§ **Activity**: Copy every line from the records below that holds the word "times".
________________________
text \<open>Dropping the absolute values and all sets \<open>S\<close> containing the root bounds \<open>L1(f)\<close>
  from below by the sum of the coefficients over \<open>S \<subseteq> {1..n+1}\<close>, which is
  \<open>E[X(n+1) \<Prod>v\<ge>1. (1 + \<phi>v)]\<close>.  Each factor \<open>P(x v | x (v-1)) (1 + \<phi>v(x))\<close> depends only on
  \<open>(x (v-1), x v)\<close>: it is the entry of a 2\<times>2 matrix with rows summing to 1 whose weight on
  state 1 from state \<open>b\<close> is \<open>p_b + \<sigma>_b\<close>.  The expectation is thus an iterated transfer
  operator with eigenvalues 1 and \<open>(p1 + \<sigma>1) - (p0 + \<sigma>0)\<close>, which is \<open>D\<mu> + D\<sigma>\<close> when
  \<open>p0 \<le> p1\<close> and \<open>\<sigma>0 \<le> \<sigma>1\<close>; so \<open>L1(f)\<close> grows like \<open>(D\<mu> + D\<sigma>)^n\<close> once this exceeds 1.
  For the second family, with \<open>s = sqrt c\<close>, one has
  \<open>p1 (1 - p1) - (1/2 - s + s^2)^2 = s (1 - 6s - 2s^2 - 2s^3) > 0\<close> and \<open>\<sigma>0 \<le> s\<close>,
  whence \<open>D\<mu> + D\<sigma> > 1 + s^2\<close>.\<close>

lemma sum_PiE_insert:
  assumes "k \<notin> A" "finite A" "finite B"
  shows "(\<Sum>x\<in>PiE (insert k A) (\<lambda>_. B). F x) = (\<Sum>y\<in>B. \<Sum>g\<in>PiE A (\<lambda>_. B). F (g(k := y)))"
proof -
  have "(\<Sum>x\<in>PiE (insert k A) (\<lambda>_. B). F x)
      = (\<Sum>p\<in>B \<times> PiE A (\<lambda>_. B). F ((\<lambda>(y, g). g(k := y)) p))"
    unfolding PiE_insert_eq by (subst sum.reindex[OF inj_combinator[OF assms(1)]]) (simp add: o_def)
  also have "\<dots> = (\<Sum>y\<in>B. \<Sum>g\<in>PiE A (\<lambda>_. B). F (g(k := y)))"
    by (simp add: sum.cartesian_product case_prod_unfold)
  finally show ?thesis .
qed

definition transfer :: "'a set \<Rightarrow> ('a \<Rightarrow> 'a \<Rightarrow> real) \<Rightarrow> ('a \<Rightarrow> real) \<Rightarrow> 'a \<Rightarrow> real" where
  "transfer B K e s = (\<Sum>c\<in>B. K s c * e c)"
________________________
§ **Solution to this exercise**:
  \<open>(x (v-1), x v)\<close>: it is the entry of a 2\<times>2 matrix with rows summing to 1 whose weight on
      = (\<Sum>p\<in>B \<times> PiE A (\<lambda>_. B). F ((\<lambda>(y, g). g(k := y)) p))"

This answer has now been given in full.